Electrical polarisation is impossible in materials with a centre of inversion, so breaking the inversion symmetry of the material is crucial for electrical polarisation to occur. As this is a very common property of many materials’ crystal structures, this limits the number of potential compounds capable of showing multiferroic behaviour, and remains a barrier to the possibility of magnetic data writing.
However, the new approach described by Matthew Rosseinsky, from the University of Liverpool in the UK, and colleagues, side-steps this problem by showing how two centrosymmetric perovskite materials can be combined in such a way as to break the inversion symmetry of the whole material. Depositing alternating layers of yttrium iron oxide (YFeO3) and lanthanum iron oxide (LaFeO3) using a laser produces a larger heterostructure in which the alternating layers of Y3+ and La3+ cations combine with the tilting of the FeO6 octahedra to remove the centre of inversion symmetry.
The resulting material has the desired piezoelectric and ferromagnetic properties, and raises the possibility of forming a new class of polarisable and magnetic compounds in this way. ‘Layered deposition is important in order to control the distribution of the yttrium and lanthanum cations,’ says Rosseinsky. ‘A conventional solid-state chemical reaction would produce a random distribution, which would not display the required properties’.

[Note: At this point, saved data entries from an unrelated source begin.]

lemma rprob_cong: "(\<And>S. S \<subseteq> E \<Longrightarrow> Q S \<longleftrightarrow> R S) \<Longrightarrow> rprob E p Q = rprob E p R"
  unfolding rprob_def by (intro sum.cong) auto

lemma rprob_nonneg: "0 \<le> p \<Longrightarrow> p \<le> 1 \<Longrightarrow> 0 \<le> rprob E p Q"
  unfolding rprob_def by (intro sum_nonneg) (auto simp: subset_weight_nonneg)

lemma rprob_mono:
  "0 \<le> p \<Longrightarrow> p \<le> 1 \<Longrightarrow> (\<And>S. S \<subseteq> E \<Longrightarrow> Q S \<Longrightarrow> R S) \<Longrightarrow> rprob E p Q \<le> rprob E p R"
  unfolding rprob_def by (intro sum_mono) (auto simp: subset_weight_nonneg)

lemma rprob_split: "rprob E p Q = rprob E p (\<lambda>S. Q S \<and> R S) + rprob E p (\<lambda>S. Q S \<and> \<not> R S)"
  unfolding rprob_def sum.distrib[symmetric] by (intro sum.cong) auto

lemma rprob_disj_le:
  "0 \<le> p \<Longrightarrow> p \<le> 1 \<Longrightarrow> rprob E p (\<lambda>S. Q S \<or> R S) \<le> rprob E p Q + rprob E p R"
  unfolding rprob_def sum.distrib[symmetric] by (intro sum_mono) (auto simp: subset_weight_nonneg)

lemma rprob_union_bound:
  assumes "finite J" "0 \<le> p" "p \<le> 1"
  shows "rprob E p (\<lambda>S. \<exists>j\<in>J. Q j S) \<le> (\<Sum>j\<in>J. rprob E p (Q j))"
  using assms(1)
proof (induction J rule: finite_induct)
  case empty
  then show ?case by (simp add: rprob_def)
next
  case (insert j J)
  have "rprob E p (\<lambda>S. \<exists>i\<in>insert j J. Q i S) \<le> rprob E p (Q j) + rprob E p (\<lambda>S. \<exists>i\<in>J. Q i S)"
    using rprob_disj_le[OF assms(2,3)] by simp
  with insert show ?case by simp
qed

lemma rprob_empty: "rprob {} p Q = (if Q {} then 1 else 0)"
  by (simp add: rprob_def subset_weight_def)

lemma rprob_insert:
  assumes "finite E" "x \<notin> E"
  shows "rprob (insert x E) p Q = p * rprob E p (\<lambda>S. Q (insert x S)) + (1 - p) * rprob E p Q"
proof -
  have weight_without_x: "subset_weight (insert x E) p S = (1 - p) * subset_weight E p S"
    if "S \<subseteq> E" for S
  proof -
    have "insert x E - S = insert x (E - S)" using that assms by auto
    then show ?thesis using that assms by (simp add: subset_weight_def finite_subset)
  qed
  have weight_with_x: "subset_weight (insert x E) p (insert x S) = p * subset_weight E p S"
    if "S \<subseteq> E" for S
  proof -
    have "insert x E - insert x S = E - S" "x \<notin> S" using that assms by auto
    then show ?thesis using that assms by (simp add: subset_weight_def finite_subset)
  qed
  have "rprob (insert x E) p Q
      = (\<Sum>S\<in>Pow E. if Q S then subset_weight (insert x E) p S else 0)
      + (\<Sum>S\<in>insert x ` Pow E. if Q S then subset_weight (insert x E) p S else 0)"
    unfolding rprob_def Pow_insert using assms by (intro sum.union_disjoint) auto
  also have "(\<Sum>S\<in>insert x ` Pow E. if Q S then subset_weight (insert x E) p S else 0)
      = (\<Sum>S\<in>Pow E. if Q (insert x S) then subset_weight (insert x E) p (insert x S) else 0)"
    using assms(2) by (subst sum.reindex) (auto simp: inj_on_def)
  also have "\<dots> = p * rprob E p (\<lambda>S. Q (insert x S))"
    unfolding rprob_def sum_distrib_left by (intro sum.cong) (auto simp: weight_with_x)
  also have "(\<Sum>S\<in>Pow E. if Q S then subset_weight (insert x E) p S else 0) = (1 - p) * rprob E p Q"
    unfolding rprob_def sum_distrib_left by (intro sum.cong) (auto simp: weight_without_x)
  finally show ?thesis by simp
qed

lemma rprob_True: "finite E \<Longrightarrow> rprob E p (\<lambda>_. True) = 1"
  by (induction E rule: finite_induct) (simp_all add: rprob_empty rprob_insert algebra_simps)

lemma rprob_not: "finite E \<Longrightarrow> rprob E p (\<lambda>S. \<not> Q S) = 1 - rprob E p Q"
  using rprob_split[of E p "\<lambda>_. True" Q] rprob_True[of E p] by simp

Paolo Radaelli, who researches the electronic properties of transition metal oxides at the University of Oxford, UK, agrees: ‘This is a very important result. Engineering materials by stacking two or more phases in a pattern that breaks the centre of inversion is an extremely promising route towards room temperature, robust multiferroic behaviour’.
The team is now looking to expand the technique to other perovskite materials.